Children's coping with homesickness: Phenomenology and intervention

How children and adolescents cope with homesickness deserves careful study for several reasons. First, homesickness is experienced by millions of children who spend time away from home and family. In children separated from home, self-reported prevalence rates of homesickness hover around 75%, depending on sample and environment characteristics (e.g., Fisher, 1989; Thurber, 1995a). The emotional distress, behavior problems, and deleterious physical, cognitive, and social consequences of homesickness have been well documented in young people (Burt, 1993; Fisher et al., 1990; Fisher & Hood, 1987; Fisher et al., 1986; Fisher et al., 1985; Thurber, 1995a).

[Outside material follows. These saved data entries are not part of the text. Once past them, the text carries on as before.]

(* Let $\lambda\in(0,1)$ and let $G$ be a finite simple connected graph with $n\ge 2$ vertices. Then $$\min_{1\le D\le n-1}\left[\frac{\lambda\left[D\lambda^{D}-\lambda-(D-1)\lambda^{D+1}\right]}{(\lambda-1)^2}+(n-D-1)\left(\lambda^{D}-D\lambda^{D}\right)\right]\;\le\; m\nu^{e}_{\lambda}(G)\;\le\;0.$$ The lower bound is attained for a broom on $n$ vertices (at its starting vertex), and the upper bound is attained for every vertex-transitive graph.
   Context: $d(u,v)$ denotes graph distance and $[u]$ the set of neighbours of $u$. $t^{e}_{\lambda}(u)=\sum_{v\in V\setminus\{u\}} d(u,v)\lambda^{d(u,v)}$. For vertices $k,l$, $s^{kl}$ is the number of shortest $k$–$l$ paths and, for an edge $uv$, $s^{kl}_{uv}$ is the number of those passing through the edge $uv$. The exponential edge betweenness of an edge $uv$ is $b^{e}_{\lambda}(uv)=\sum_{\{k,l\}}\frac{s^{kl}_{uv}}{s^{kl}}\lambda^{d(k,l)}$ over all unordered pairs $\{k,l\}$ of distinct vertices; $c^{e}_{\lambda}(u)=\sum_{v\in[u]}b^{e}_{\lambda}(uv)$. The network surplus of $u$ is $\nu^{e}_{\lambda}(u)=c^{e}_{\lambda}(u)-t^{e}_{\lambda}(u)$ and $m\nu^{e}_{\lambda}(G)=\min\{\nu^{e}_{\lambda}(u):u\in V(G)\}$. A broom on $n$ vertices (with parameter $D$, $1\le D\le n-1$) is the graph consisting of a path $u=v_0v_1\cdots v_D$ together with $n-D-1$ further vertices each adjacent only to $v_{D-1}$; $u=v_0$ is its starting vertex. *)

theory Defs
  imports Complex_Main
begin

definition simple_graph :: "'a set \<Rightarrow> ('a \<Rightarrow> 'a \<Rightarrow> bool) \<Rightarrow> bool" where
  "simple_graph V E \<longleftrightarrow> finite V \<and>
     (\<forall>u v. E u v \<longrightarrow> u \<in> V \<and> v \<in> V \<and> u \<noteq> v \<and> E v u)"

definition walk :: "'a set \<Rightarrow> ('a \<Rightarrow> 'a \<Rightarrow> bool) \<Rightarrow> 'a \<Rightarrow> 'a \<Rightarrow> 'a list \<Rightarrow> bool" where
  "walk V E u v xs \<longleftrightarrow> xs \<noteq> [] \<and> set xs \<subseteq> V \<and> hd xs = u \<and> last xs = v \<and>
     (\<forall>i. Suc i < length xs \<longrightarrow> E (xs ! i) (xs ! Suc i))"

definition connected_graph :: "'a set \<Rightarrow> ('a \<Rightarrow> 'a \<Rightarrow> bool) \<Rightarrow> bool" where
  "connected_graph V E \<longleftrightarrow> (\<forall>u\<in>V. \<forall>v\<in>V. \<exists>xs. walk V E u v xs)"

definition gdist :: "'a set \<Rightarrow> ('a \<Rightarrow> 'a \<Rightarrow> bool) \<Rightarrow> 'a \<Rightarrow> 'a \<Rightarrow> nat" where
  "gdist V E u v = (LEAST n. \<exists>xs. walk V E u v xs \<and> length xs = Suc n)"

definition neighbours :: "'a set \<Rightarrow> ('a \<Rightarrow> 'a \<Rightarrow> bool) \<Rightarrow> 'a \<Rightarrow> 'a set" where
  "neighbours V E u = {v \<in> V. E u v}"

definition shortest_paths :: "'a set \<Rightarrow> ('a \<Rightarrow> 'a \<Rightarrow> bool) \<Rightarrow> 'a \<Rightarrow> 'a \<Rightarrow> 'a list set" where
  "shortest_paths V E k l = {xs. walk V E k l xs \<and> length xs = Suc (gdist V E k l)}"

definition uses_edge :: "'a list \<Rightarrow> 'a \<Rightarrow> 'a \<Rightarrow> bool" where
  "uses_edge xs u v \<longleftrightarrow> (\<exists>i. Suc i < length xs \<and> {xs ! i, xs ! Suc i} = {u, v})"

definition num_sp :: "'a set \<Rightarrow> ('a \<Rightarrow> 'a \<Rightarrow> bool) \<Rightarrow> 'a \<Rightarrow> 'a \<Rightarrow> nat" where
  "num_sp V E k l = card (shortest_paths V E k l)"

definition num_sp_edge :: "'a set \<Rightarrow> ('a \<Rightarrow> 'a \<Rightarrow> bool) \<Rightarrow> 'a \<Rightarrow> 'a \<Rightarrow> 'a \<Rightarrow> 'a \<Rightarrow> nat" where
  "num_sp_edge V E k l u v = card {xs \<in> shortest_paths V E k l. uses_edge xs u v}"

definition exp_t :: "real \<Rightarrow> 'a set \<Rightarrow> ('a \<Rightarrow> 'a \<Rightarrow> bool) \<Rightarrow> 'a \<Rightarrow> real" where
  "exp_t lam V E u = (\<Sum>v\<in>V - {u}. real (gdist V E u v) * lam ^ gdist V E u v)"

text \<open>Exponential edge betweenness. The sum over unordered pairs {k,l} of distinct
  vertices is written as half the sum over ordered pairs (k,l), k \<noteq> l; the summand
  is symmetric in k and l.\<close>
definition exp_edge_betw :: "real \<Rightarrow> 'a set \<Rightarrow> ('a \<Rightarrow> 'a \<Rightarrow> bool) \<Rightarrow> 'a \<Rightarrow> 'a \<Rightarrow> real" where
  "exp_edge_betw lam V E u v =
     (\<Sum>(k,l)\<in>{(k,l). k \<in> V \<and> l \<in> V \<and> k \<noteq> l}.
        real (num_sp_edge V E k l u v) / real (num_sp V E k l) * lam ^ gdist V E k l) / 2"

definition exp_c :: "real \<Rightarrow> 'a set \<Rightarrow> ('a \<Rightarrow> 'a \<Rightarrow> bool) \<Rightarrow> 'a \<Rightarrow> real" where
  "exp_c lam V E u = (\<Sum>v\<in>neighbours V E u. exp_edge_betw lam V E u v)"

definition surplus :: "real \<Rightarrow> 'a set \<Rightarrow> ('a \<Rightarrow> 'a \<Rightarrow> bool) \<Rightarrow> 'a \<Rightarrow> real" where
  "surplus lam V E u = exp_c lam V E u - exp_t lam V E u"

definition min_surplus :: "real \<Rightarrow> 'a set \<Rightarrow> ('a \<Rightarrow> 'a \<Rightarrow> bool) \<Rightarrow> real" where
  "min_surplus lam V E = Min (surplus lam V E ` V)"

definition vertex_transitive :: "'a set \<Rightarrow> ('a \<Rightarrow> 'a \<Rightarrow> bool) \<Rightarrow> bool" where
  "vertex_transitive V E \<longleftrightarrow>
     (\<forall>u\<in>V. \<forall>v\<in>V. \<exists>f. bij_betw f V V \<and> (\<forall>x\<in>V. \<forall>y\<in>V. E x y \<longleftrightarrow> E (f x) (f y)) \<and> f u = v)"

text \<open>Broom on n vertices with parameter D: vertices 0..n-1, path 0-1-...-D,
  and vertices D+1..n-1 each adjacent only to D-1. Starting vertex is 0.\<close>
definition broom_V :: "nat \<Rightarrow> nat set" where
  "broom_V n = {..<n}"

definition broom_E :: "nat \<Rightarrow> nat \<Rightarrow> nat \<Rightarrow> nat \<Rightarrow> bool" where
  "broom_E n D i j \<longleftrightarrow> i < n \<and> j < n \<and>
     ((i \<le> D \<and> j \<le> D \<and> (j = Suc i \<or> i = Suc j)) \<or>
      (D < i \<and> j = D - 1) \<or> (D < j \<and> i = D - 1))"

definition lower_bound_expr :: "real \<Rightarrow> nat \<Rightarrow> nat \<Rightarrow> real" where
  "lower_bound_expr lam n D =
     lam * (real D * lam ^ D - lam - (real D - 1) * lam ^ (D + 1)) / (lam - 1)^2
     + (real n - real D - 1) * (lam ^ D - real D * lam ^ D)"

end

theory Submission
  imports Defs
begin

(* Each shortest k-l path of length d passes through exactly 2d darts, so summing the
   exponential edge betweenness over all darts counts every ordered pair with weight
   d lam^d, exactly as summing t over all vertices does. Hence the surplus sums to zero
   over V: its minimum is at most 0, with equality when the surplus is constant, as it is
   on a vertex-transitive graph.

   For the lower bound, every shortest path starting or ending at u uses an edge at u, so
   c(u) >= sum_v lam^d(u,v) and the surplus of u is at least sum_v (1 - d(u,v)) lam^d(u,v).
   The distances from u take every value 1, ..., e, and replacing the terms beyond the
   minimising distance D by the minimum gives the value at the starting vertex of the broom
   with parameter D. That vertex is a leaf, and for a leaf the estimate of c(u) is exact. *)

lemma walk_singleton: "walk V E u v [x] \<longleftrightarrow> u = x \<and> v = x \<and> x \<in> V"
  unfolding walk_def by auto

lemma walk_Cons_Cons:
  "walk V E u v (x # y # zs) \<longleftrightarrow> u = x \<and> x \<in> V \<and> E x y \<and> walk V E y v (y # zs)"
proof
  assume "u = x \<and> x \<in> V \<and> E x y \<and> walk V E y v (y # zs)"
  then show "walk V E u v (x # y # zs)"
    unfolding walk_def by (auto simp: nth_Cons split: nat.split)
qed (auto simp: walk_def)

lemma walk_take:
  assumes "walk V E u v xs" "i < length xs"
  shows "walk V E u (xs ! i) (take (Suc i) xs)"
  using assms unfolding walk_def
  by (auto simp: hd_take last_conv_nth dest: in_set_takeD)

lemma walk_drop:
  assumes "walk V E u v xs" "i < length xs"
  shows "walk V E (xs ! i) v (drop i xs)"
  using assms unfolding walk_def
  by (auto simp: hd_drop_conv_nth dest: in_set_dropD)

lemma walk_append:
  assumes "walk V E u w xs" "walk V E w v ys"
  shows "walk V E u v (xs @ tl ys)"
  using assms
proof (induction xs arbitrary: u)
  case Nil
  then show ?case by (simp add: walk_def)
next
  case (Cons x xs)
  show ?case
  proof (cases xs)
    case Nil
    with Cons.prems have "u = x" "w = x" by (auto simp: walk_singleton)
    moreover have "ys = w # tl ys" using Cons.prems(2) by (cases ys) (auto simp: walk_def)
    ultimately show ?thesis using Nil Cons.prems(2) by simp
  next
    case (Cons y zs)
    with Cons.prems show ?thesis using Cons.IH by (auto simp: walk_Cons_Cons)
  qed
qed

lemma walk_rev:
  assumes w: "walk V E u v xs" and sym: "\<And>a b. E a b \<Longrightarrow> E b a"
  shows "walk V E v u (rev xs)"
proof -
  have step: "E (xs ! j) (xs ! Suc j)" if "Suc j < length xs" for j
    using w that by (simp add: walk_def)
  have "E (rev xs ! i) (rev xs ! Suc i)" if i: "Suc i < length xs" for i
  proof -
    have "Suc (length xs - Suc (Suc i)) = length xs - Suc i" using i by simp
    then show ?thesis using step[of "length xs - Suc (Suc i)"] sym i by (simp add: rev_nth)
  qed
  then show ?thesis using w by (auto simp: walk_def hd_rev last_rev)
qed

lemma walk_map:
  assumes "walk V E u v xs"
    and "\<And>x. x \<in> V \<Longrightarrow> f x \<in> W"
    and "\<And>x y. x \<in> V \<Longrightarrow> y \<in> V \<Longrightarrow> E x y \<Longrightarrow> F (f x) (f y)"
  shows "walk W F (f u) (f v) (map f xs)"
  using assms unfolding walk_def by (auto simp: hd_map last_map subset_iff)

lemma walk_potential_le:
  fixes p :: "'a \<Rightarrow> nat"
  assumes w: "walk V E a b xs" and step: "\<And>x y. E x y \<Longrightarrow> p y \<le> p x + 1"
  shows "p b \<le> p a + (length xs - 1)"
proof -
  have "p (xs ! i) \<le> p (xs ! 0) + i" if "i < length xs" for i
    using that
  proof (induction i)
    case (Suc i)
    then have "E (xs ! i) (xs ! Suc i)" using w by (simp add: walk_def)
    with Suc show ?case using step[of "xs ! i" "xs ! Suc i"] by simp
  qed simp
  moreover have "xs \<noteq> []" "xs ! 0 = a" "xs ! (length xs - 1) = b"
    using w by (auto simp: walk_def hd_conv_nth last_conv_nth)
  ultimately show ?thesis by (metis diff_less zero_less_one length_greater_0_conv)
qed

section \<open>Distances and shortest paths\<close>

locale connected_simple_graph =
  fixes V :: "'a set" and E :: "'a \<Rightarrow> 'a \<Rightarrow> bool"
  assumes simple: "simple_graph V E" and connected: "connected_graph V E"
begin

lemma finite_V: "finite V"
  using simple by (simp add: simple_graph_def)

lemma edge_sym: "E a b \<Longrightarrow> E b a"
  using simple by (simp add: simple_graph_def)

lemma edge_vertices: "E a b \<Longrightarrow> a \<in> V \<and> b \<in> V \<and> a \<noteq> b"
  using simple by (simp add: simple_graph_def)

lemma walk_ends_in_V: "walk V E u v xs \<Longrightarrow> u \<in> V \<and> v \<in> V"
  unfolding walk_def by (metis hd_in_set last_in_set subsetD)

lemma gdist_walk_exists:
  assumes "u \<in> V" "v \<in> V"
  shows "\<exists>xs. walk V E u v xs \<and> length xs = Suc (gdist V E u v)"
proof -
  obtain xs where "walk V E u v xs" using connected assms by (auto simp: connected_graph_def)
  then have "\<exists>n xs. walk V E u v xs \<and> length xs = Suc n"
    by (metis walk_def length_greater_0_conv Suc_pred)
  then show ?thesis unfolding gdist_def by (rule LeastI_ex)
qed

lemma gdist_le_walk:
  assumes "walk V E u v xs"
  shows "gdist V E u v \<le> length xs - 1"
proof -
  have "length xs = Suc (length xs - 1)" using assms by (simp add: walk_def)
  then show ?thesis unfolding gdist_def using assms by (blast intro: Least_le)
qed

lemma gdist_triangle:
  assumes "u \<in> V" "w \<in> V" "v \<in> V"
  shows "gdist V E u v \<le> gdist V E u w + gdist V E w v"
proof -
  obtain xs where xs: "walk V E u w xs" "length xs = Suc (gdist V E u w)"
    using gdist_walk_exists assms by blast
  obtain ys where ys: "walk V E w v ys" "length ys = Suc (gdist V E w v)"
    using gdist_walk_exists assms by blast
  show ?thesis using gdist_le_walk[OF walk_append[OF xs(1) ys(1)]] xs ys by simp
qed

Second, an understanding of how children cope with homesickness will guide interventions. Certainly, established treatments for the related constructs of depression and anxiety will influence interventions for homesickness. However, homesickness is a uniquely complex construct, in part because the stress of transition involves separation from familiar entities (home; attachment figures; native culture) and integration into a novel environment. This complexity warrants a thorough understanding of what children themselves are doing to cope with homesickness, and specifically, which of their ways of coping are effective.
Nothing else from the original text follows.